- Stored dataset items
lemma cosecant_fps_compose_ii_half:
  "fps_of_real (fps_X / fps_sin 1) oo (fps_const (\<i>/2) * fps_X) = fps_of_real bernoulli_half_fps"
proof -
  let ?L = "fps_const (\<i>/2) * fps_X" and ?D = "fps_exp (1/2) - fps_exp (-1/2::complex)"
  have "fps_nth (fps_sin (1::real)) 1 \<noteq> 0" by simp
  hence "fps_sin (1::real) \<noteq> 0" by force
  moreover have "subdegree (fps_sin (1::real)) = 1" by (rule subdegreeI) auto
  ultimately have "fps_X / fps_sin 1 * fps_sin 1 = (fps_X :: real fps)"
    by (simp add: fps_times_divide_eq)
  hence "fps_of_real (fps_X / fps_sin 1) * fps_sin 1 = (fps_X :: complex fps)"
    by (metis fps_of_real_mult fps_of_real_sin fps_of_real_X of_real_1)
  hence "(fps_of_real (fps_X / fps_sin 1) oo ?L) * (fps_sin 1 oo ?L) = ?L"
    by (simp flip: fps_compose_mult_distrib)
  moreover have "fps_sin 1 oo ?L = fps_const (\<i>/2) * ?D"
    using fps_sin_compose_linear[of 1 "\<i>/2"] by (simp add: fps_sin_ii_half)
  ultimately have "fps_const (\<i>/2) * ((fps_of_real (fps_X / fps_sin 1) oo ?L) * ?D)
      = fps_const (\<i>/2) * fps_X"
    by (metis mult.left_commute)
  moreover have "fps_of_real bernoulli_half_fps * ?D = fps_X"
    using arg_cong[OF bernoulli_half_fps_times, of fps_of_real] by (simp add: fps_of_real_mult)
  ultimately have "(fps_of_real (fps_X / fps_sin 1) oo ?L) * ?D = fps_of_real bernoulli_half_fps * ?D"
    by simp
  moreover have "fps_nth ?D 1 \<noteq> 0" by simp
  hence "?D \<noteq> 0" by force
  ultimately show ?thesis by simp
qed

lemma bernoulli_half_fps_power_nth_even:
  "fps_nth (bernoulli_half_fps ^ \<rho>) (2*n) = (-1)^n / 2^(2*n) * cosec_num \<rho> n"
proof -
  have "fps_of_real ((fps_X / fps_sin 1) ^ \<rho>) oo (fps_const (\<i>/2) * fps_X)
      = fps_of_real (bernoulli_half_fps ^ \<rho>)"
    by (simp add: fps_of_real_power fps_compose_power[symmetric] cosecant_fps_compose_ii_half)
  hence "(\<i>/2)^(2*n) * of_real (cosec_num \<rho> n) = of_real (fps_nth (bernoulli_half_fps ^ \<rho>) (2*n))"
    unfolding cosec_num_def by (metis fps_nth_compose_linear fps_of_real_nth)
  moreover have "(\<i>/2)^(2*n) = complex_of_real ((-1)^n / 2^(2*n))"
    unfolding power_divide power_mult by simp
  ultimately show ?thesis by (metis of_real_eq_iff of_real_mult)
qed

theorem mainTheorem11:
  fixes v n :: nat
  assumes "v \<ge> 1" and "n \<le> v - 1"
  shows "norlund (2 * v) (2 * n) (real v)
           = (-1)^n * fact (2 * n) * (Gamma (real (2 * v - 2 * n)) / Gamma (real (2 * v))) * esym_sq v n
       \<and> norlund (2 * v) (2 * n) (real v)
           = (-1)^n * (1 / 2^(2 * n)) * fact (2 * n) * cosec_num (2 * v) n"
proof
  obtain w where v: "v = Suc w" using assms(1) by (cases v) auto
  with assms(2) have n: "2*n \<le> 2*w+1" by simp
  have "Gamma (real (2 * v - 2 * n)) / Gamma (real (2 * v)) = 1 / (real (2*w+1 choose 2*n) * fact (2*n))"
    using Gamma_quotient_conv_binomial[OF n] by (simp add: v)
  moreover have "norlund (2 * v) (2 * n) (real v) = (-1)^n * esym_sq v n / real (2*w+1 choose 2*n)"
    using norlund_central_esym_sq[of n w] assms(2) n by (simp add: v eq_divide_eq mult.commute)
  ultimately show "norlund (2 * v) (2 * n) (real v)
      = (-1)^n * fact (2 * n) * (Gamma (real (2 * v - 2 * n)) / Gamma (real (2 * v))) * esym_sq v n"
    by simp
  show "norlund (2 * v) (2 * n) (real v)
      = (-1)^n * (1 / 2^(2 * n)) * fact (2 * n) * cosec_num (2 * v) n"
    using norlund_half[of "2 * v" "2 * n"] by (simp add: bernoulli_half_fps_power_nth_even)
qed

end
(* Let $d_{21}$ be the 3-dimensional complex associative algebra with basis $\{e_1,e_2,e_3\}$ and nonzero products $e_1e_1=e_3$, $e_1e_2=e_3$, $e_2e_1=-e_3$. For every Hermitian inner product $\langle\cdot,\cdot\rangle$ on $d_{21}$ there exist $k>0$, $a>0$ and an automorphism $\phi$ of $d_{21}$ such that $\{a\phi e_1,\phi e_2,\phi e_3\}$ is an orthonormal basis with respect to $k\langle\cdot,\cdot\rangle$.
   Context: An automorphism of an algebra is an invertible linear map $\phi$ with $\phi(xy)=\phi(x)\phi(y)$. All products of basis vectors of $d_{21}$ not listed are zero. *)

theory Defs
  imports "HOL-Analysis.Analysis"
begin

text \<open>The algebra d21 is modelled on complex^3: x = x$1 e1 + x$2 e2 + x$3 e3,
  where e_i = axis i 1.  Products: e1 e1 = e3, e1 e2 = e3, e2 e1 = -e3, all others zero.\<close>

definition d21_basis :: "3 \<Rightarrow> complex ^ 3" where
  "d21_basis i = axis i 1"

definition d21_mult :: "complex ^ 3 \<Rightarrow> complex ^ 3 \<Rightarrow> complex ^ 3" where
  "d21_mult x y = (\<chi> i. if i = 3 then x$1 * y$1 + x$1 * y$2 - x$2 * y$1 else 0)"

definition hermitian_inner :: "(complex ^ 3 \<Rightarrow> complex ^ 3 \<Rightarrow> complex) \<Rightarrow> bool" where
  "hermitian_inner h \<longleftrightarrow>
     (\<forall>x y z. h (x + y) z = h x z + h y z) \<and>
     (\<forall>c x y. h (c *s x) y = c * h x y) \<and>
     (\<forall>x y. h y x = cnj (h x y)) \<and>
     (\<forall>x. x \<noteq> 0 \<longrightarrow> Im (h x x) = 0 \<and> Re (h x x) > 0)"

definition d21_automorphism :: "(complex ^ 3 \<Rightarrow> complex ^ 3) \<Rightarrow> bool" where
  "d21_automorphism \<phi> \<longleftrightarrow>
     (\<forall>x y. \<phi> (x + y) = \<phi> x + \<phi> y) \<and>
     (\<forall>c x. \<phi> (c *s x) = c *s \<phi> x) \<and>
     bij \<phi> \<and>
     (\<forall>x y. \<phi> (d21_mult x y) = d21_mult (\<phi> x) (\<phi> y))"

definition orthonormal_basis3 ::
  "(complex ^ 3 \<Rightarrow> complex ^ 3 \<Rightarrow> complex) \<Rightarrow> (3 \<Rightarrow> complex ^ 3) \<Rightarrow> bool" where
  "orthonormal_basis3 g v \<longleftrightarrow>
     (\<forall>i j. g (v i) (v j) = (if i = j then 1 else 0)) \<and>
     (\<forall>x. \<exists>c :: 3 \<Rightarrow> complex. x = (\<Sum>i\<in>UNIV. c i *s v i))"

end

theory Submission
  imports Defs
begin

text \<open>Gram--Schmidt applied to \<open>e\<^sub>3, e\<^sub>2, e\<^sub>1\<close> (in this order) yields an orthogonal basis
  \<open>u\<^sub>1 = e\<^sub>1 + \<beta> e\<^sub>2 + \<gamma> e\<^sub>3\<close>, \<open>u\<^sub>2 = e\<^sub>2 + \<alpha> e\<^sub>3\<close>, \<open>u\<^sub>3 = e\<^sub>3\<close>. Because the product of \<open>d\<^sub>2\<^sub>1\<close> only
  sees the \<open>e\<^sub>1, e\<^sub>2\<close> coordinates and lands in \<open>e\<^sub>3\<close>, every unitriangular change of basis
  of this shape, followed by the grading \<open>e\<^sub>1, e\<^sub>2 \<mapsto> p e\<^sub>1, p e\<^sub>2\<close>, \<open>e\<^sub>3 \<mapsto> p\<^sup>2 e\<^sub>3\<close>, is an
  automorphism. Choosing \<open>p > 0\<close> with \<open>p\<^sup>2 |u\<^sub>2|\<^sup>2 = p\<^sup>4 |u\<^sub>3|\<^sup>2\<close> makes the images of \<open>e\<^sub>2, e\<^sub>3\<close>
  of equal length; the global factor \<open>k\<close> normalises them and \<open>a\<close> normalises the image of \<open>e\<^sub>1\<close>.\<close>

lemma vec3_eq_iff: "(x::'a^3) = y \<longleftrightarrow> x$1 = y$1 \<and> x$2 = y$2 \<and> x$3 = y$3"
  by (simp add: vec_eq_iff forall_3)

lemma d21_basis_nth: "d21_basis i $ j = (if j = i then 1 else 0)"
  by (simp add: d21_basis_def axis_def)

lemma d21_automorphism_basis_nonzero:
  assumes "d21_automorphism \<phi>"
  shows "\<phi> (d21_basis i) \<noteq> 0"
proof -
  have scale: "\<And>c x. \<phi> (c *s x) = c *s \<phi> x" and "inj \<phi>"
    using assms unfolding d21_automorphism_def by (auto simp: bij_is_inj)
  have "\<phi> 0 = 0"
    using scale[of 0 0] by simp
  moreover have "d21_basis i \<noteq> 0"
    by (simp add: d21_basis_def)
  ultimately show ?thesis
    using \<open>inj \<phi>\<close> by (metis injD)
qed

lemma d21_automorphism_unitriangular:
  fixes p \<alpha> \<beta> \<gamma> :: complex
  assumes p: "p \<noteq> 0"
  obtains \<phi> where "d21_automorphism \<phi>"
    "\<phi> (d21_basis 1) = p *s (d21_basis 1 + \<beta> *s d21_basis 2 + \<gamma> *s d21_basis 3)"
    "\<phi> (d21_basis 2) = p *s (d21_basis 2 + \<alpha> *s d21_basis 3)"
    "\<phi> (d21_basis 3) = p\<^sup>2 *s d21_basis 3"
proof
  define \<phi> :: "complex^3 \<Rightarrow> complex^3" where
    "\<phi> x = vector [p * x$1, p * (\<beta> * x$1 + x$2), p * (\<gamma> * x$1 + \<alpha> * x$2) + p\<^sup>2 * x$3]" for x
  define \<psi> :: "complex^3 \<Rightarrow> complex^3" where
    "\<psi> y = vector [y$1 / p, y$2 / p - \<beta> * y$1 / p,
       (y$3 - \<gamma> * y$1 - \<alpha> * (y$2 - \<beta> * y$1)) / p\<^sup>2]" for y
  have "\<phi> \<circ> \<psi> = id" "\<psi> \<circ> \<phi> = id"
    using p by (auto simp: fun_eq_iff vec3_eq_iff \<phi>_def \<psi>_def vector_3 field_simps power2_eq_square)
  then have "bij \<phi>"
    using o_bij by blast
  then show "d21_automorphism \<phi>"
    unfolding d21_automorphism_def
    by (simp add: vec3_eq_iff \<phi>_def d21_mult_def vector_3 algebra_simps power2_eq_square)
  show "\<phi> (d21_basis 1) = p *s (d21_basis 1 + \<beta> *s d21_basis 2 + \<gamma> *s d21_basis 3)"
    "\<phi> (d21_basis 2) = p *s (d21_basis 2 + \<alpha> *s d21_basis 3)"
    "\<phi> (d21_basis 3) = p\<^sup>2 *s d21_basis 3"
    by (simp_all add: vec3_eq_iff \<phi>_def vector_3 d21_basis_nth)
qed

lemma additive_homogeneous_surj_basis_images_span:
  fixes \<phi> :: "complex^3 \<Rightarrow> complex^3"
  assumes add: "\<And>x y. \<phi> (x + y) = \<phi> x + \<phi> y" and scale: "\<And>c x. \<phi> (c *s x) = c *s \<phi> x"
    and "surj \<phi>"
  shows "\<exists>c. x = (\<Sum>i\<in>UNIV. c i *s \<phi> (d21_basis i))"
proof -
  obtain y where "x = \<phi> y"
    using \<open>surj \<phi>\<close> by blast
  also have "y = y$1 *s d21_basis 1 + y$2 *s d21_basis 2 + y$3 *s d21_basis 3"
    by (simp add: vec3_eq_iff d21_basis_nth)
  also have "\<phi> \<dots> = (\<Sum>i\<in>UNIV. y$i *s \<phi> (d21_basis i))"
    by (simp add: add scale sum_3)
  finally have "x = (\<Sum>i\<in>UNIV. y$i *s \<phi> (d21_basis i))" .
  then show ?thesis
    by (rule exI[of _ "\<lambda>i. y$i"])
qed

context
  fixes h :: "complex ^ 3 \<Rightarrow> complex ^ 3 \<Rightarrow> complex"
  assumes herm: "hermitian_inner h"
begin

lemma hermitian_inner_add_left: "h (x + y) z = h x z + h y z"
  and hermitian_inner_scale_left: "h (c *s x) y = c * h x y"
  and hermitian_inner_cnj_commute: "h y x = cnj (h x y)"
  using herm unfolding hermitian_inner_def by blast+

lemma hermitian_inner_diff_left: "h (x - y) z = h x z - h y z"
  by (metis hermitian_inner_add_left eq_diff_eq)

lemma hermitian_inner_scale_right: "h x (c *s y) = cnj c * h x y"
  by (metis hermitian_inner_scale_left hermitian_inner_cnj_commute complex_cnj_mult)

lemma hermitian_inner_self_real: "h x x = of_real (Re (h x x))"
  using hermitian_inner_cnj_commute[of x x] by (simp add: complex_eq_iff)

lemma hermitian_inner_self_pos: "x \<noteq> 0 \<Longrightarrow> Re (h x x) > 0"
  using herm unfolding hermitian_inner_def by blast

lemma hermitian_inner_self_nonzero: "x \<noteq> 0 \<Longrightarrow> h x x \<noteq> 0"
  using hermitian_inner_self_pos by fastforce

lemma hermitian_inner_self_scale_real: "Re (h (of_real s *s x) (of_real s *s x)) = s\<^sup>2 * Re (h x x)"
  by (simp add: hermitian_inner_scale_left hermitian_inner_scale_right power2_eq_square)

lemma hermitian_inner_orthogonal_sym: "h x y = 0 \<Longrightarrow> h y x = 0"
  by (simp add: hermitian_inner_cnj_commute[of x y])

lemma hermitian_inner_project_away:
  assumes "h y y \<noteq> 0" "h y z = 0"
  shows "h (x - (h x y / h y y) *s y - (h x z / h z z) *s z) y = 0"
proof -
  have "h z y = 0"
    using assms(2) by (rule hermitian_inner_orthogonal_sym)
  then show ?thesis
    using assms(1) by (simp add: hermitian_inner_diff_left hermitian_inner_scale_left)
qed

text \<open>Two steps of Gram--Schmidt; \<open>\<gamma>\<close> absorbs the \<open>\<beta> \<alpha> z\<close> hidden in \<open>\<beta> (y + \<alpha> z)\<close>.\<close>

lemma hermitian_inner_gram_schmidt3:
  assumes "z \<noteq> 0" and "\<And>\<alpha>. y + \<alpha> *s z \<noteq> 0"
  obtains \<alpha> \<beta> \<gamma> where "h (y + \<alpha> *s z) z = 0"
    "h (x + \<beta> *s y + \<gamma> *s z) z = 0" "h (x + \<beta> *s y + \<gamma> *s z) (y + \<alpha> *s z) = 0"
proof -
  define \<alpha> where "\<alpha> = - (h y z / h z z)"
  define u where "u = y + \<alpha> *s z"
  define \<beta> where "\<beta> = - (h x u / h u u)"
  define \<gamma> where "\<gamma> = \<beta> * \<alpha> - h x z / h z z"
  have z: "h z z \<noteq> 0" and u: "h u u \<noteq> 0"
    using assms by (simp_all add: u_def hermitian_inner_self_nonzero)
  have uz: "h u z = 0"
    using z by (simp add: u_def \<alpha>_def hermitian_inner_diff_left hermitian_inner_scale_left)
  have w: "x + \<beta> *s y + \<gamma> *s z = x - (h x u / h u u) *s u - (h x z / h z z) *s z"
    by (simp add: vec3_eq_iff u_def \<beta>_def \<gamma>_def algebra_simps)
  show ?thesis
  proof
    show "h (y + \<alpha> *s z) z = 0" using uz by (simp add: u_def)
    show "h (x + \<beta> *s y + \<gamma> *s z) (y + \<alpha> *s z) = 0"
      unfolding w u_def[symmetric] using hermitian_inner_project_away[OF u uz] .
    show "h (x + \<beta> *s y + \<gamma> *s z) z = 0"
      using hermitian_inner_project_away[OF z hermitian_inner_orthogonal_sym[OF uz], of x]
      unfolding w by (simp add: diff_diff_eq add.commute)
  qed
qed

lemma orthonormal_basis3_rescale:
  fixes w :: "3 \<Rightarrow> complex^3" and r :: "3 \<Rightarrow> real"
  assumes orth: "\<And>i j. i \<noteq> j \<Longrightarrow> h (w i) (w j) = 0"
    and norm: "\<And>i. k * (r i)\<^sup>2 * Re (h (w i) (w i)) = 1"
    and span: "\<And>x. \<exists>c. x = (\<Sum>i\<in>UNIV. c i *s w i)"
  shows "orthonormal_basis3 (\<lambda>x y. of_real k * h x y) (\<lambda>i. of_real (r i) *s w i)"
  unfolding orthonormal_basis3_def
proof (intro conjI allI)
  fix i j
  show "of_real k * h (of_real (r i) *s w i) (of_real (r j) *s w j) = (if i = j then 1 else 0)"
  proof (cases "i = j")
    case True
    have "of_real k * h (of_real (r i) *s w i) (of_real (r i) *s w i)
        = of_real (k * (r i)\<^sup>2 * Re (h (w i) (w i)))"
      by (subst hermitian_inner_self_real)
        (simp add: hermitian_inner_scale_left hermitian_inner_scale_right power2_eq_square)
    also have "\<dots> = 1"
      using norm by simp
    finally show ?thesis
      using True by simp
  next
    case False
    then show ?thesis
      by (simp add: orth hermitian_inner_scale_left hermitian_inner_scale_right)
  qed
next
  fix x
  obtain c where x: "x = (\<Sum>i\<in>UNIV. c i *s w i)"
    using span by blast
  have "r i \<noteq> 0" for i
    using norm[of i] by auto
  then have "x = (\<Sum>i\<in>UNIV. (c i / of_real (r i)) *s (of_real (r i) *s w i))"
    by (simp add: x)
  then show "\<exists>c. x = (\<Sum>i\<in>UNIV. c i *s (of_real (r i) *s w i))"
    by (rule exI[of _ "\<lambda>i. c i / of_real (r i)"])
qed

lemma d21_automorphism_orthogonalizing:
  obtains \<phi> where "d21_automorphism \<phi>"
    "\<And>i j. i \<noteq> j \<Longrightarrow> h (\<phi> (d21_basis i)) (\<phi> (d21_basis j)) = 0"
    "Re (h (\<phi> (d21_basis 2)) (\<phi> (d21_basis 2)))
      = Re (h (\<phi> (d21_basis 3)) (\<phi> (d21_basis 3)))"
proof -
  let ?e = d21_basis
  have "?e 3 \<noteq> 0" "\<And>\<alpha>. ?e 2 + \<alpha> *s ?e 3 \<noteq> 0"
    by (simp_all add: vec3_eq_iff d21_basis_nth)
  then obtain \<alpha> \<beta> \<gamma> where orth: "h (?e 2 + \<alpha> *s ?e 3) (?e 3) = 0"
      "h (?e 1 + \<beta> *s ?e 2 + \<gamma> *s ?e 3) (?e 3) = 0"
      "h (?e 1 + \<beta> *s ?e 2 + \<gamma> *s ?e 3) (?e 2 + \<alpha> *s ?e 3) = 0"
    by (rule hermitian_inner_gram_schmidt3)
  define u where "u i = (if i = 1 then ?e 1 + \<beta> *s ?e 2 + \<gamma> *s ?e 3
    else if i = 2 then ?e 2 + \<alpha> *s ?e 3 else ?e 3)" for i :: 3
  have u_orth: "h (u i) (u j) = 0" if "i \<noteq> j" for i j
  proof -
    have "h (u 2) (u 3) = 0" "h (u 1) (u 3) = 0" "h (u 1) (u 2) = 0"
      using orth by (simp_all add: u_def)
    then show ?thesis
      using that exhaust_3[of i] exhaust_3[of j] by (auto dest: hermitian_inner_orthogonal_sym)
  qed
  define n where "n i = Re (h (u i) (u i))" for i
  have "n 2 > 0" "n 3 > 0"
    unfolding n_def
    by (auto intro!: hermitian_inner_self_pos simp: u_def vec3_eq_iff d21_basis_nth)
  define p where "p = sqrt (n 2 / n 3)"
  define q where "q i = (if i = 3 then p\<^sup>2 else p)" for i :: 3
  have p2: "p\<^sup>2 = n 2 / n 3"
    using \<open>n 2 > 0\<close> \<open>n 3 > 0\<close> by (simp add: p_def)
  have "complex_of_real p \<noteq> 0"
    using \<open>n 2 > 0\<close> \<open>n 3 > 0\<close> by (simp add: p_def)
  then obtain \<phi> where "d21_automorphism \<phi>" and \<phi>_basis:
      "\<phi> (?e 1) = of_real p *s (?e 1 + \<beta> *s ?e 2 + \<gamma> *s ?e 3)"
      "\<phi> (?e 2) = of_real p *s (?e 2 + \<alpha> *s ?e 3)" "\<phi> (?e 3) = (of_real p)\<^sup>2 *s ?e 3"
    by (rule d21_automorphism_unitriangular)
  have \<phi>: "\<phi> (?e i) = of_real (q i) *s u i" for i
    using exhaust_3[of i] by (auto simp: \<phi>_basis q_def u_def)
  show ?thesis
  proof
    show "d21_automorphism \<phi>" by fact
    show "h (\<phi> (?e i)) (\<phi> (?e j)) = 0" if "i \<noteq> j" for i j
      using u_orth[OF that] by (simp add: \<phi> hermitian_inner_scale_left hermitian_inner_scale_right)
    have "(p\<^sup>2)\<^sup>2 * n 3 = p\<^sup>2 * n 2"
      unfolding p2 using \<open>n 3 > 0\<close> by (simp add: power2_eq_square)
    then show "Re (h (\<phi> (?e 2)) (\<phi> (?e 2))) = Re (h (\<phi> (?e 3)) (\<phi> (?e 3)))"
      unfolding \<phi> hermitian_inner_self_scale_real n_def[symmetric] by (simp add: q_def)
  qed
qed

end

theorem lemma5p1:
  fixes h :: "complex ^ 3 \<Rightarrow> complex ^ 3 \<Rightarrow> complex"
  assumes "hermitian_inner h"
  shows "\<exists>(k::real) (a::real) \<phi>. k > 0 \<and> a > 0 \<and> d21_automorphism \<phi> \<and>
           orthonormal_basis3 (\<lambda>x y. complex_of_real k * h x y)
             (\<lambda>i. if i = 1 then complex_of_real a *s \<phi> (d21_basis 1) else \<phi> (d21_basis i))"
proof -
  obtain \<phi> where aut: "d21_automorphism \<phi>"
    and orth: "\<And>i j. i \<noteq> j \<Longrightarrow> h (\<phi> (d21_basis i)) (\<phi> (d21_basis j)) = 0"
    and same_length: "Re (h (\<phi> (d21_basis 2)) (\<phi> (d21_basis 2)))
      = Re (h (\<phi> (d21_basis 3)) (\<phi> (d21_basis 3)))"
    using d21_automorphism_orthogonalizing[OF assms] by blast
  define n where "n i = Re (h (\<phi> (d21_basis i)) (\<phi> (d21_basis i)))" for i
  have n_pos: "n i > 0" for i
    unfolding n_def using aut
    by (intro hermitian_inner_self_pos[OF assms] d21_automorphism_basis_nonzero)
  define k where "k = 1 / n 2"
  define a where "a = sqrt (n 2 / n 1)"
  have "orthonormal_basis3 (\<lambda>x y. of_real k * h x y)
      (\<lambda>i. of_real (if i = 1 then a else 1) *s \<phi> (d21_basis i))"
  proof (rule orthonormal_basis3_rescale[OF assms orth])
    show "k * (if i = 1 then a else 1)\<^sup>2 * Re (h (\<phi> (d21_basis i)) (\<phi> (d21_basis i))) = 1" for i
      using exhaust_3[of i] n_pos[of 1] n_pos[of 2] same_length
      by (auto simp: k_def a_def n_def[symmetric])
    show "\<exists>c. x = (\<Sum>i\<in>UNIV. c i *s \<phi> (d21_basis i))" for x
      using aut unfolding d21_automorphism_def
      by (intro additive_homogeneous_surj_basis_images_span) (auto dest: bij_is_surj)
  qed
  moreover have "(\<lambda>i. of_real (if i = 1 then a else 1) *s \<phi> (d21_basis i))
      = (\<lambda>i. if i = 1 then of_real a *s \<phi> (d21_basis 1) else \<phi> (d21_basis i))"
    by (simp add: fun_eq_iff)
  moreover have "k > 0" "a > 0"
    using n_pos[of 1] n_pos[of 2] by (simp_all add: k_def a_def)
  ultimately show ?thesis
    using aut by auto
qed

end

- ABOUT THIS EXERCISE
From the entries above, copy each line that holds "every".

- SOLUTION
(* Let $d_{21}$ be the 3-dimensional complex associative algebra with basis $\{e_1,e_2,e_3\}$ and nonzero products $e_1e_1=e_3$, $e_1e_2=e_3$, $e_2e_1=-e_3$. For every Hermitian inner product $\langle\cdot,\cdot\rangle$ on $d_{21}$ there exist $k>0$, $a>0$ and an automorphism $\phi$ of $d_{21}$ such that $\{a\phi e_1,\phi e_2,\phi e_3\}$ is an orthonormal basis with respect to $k\langle\cdot,\cdot\rangle$.
  sees the \<open>e\<^sub>1, e\<^sub>2\<close> coordinates and lands in \<open>e\<^sub>3\<close>, every unitriangular change of basis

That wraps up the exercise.